MATERIAL FOR THIS TASK START
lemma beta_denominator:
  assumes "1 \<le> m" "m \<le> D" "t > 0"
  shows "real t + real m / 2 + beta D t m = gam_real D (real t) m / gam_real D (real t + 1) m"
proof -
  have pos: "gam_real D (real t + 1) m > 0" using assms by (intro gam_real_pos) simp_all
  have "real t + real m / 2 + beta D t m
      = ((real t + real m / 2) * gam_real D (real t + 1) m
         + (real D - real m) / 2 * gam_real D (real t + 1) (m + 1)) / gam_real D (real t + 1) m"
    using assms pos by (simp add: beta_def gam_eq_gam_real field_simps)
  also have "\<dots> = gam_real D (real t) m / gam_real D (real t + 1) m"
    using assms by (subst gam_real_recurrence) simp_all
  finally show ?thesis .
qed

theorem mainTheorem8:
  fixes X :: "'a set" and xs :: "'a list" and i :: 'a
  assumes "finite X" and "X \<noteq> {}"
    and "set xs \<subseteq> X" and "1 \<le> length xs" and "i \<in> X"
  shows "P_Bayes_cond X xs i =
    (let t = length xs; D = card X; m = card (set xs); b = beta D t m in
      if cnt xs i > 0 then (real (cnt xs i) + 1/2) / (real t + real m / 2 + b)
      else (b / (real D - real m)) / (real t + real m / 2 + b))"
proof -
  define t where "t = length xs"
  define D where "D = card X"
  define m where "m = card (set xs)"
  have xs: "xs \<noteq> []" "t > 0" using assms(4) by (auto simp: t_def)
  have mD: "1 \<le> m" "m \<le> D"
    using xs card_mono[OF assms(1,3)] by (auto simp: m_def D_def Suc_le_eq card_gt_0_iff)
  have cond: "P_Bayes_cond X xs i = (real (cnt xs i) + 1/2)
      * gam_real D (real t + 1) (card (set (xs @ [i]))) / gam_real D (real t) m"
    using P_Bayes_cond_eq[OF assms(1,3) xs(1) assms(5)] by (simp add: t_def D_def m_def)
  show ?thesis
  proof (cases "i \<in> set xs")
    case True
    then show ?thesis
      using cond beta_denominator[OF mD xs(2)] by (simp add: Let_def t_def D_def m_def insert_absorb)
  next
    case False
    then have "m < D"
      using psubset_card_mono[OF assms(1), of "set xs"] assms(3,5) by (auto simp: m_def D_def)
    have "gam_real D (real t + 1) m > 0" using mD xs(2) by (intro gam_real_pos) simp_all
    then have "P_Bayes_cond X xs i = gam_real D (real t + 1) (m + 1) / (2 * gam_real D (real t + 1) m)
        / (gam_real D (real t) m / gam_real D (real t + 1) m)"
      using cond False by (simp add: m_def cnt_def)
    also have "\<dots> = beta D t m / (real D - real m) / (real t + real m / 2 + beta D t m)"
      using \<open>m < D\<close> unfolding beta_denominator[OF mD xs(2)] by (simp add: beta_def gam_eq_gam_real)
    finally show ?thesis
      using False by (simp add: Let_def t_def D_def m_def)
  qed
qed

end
MATERIAL FOR THIS TASK END
MATERIAL FOR THIS TASK START
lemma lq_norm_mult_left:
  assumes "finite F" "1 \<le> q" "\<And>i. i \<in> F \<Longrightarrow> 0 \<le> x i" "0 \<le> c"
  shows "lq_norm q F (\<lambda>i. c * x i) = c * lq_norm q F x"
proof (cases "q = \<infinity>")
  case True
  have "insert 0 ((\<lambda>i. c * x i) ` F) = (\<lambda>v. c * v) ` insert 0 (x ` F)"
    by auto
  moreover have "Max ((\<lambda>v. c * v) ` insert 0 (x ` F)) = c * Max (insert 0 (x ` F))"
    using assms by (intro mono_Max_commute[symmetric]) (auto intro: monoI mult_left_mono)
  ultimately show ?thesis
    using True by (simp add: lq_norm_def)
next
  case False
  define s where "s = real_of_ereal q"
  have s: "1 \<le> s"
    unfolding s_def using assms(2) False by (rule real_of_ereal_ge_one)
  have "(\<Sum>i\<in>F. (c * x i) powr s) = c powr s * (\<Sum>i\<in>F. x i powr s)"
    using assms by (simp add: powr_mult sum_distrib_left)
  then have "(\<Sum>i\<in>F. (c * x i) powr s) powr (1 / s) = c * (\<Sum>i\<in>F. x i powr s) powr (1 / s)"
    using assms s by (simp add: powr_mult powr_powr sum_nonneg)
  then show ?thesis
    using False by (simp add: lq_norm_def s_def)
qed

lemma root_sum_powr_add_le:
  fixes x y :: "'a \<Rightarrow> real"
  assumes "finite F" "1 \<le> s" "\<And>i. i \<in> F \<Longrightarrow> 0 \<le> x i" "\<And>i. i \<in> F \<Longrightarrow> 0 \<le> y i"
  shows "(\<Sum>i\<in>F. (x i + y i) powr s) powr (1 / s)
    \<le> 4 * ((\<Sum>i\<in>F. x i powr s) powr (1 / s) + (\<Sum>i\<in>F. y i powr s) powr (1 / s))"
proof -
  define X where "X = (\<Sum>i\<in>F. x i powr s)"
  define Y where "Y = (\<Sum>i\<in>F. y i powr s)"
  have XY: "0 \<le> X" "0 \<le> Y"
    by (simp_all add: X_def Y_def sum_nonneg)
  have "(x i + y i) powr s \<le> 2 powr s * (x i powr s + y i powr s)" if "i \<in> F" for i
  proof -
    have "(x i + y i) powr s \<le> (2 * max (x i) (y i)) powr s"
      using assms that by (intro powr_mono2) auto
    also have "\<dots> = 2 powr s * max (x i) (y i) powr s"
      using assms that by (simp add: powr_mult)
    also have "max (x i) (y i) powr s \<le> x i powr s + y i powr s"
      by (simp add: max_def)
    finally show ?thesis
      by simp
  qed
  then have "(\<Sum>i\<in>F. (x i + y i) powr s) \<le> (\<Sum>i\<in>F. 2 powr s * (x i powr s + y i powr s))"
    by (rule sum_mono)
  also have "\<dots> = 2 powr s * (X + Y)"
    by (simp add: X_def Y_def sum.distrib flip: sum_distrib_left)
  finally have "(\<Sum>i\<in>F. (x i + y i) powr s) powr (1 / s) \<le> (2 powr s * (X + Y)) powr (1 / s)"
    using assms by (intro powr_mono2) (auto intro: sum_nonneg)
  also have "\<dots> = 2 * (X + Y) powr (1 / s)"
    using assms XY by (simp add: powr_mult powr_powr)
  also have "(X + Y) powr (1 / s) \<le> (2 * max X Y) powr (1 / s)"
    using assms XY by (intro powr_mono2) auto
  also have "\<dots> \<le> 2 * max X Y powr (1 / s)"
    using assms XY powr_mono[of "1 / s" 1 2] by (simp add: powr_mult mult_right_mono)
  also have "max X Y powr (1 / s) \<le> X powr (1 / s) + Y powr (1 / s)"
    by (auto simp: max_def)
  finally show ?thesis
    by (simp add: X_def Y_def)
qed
MATERIAL FOR THIS TASK END
What lines in the records above include the string "dots"? Copy each one.

## RESULT FOR THIS EXERCISE
  also have "\<dots> = gam_real D (real t) m / gam_real D (real t + 1) m"
    also have "\<dots> = beta D t m / (real D - real m) / (real t + real m / 2 + beta D t m)"
    also have "\<dots> = 2 powr s * max (x i) (y i) powr s"
  also have "\<dots> = 2 powr s * (X + Y)"
  also have "\<dots> = 2 * (X + Y) powr (1 / s)"
  also have "\<dots> \<le> 2 * max X Y powr (1 / s)"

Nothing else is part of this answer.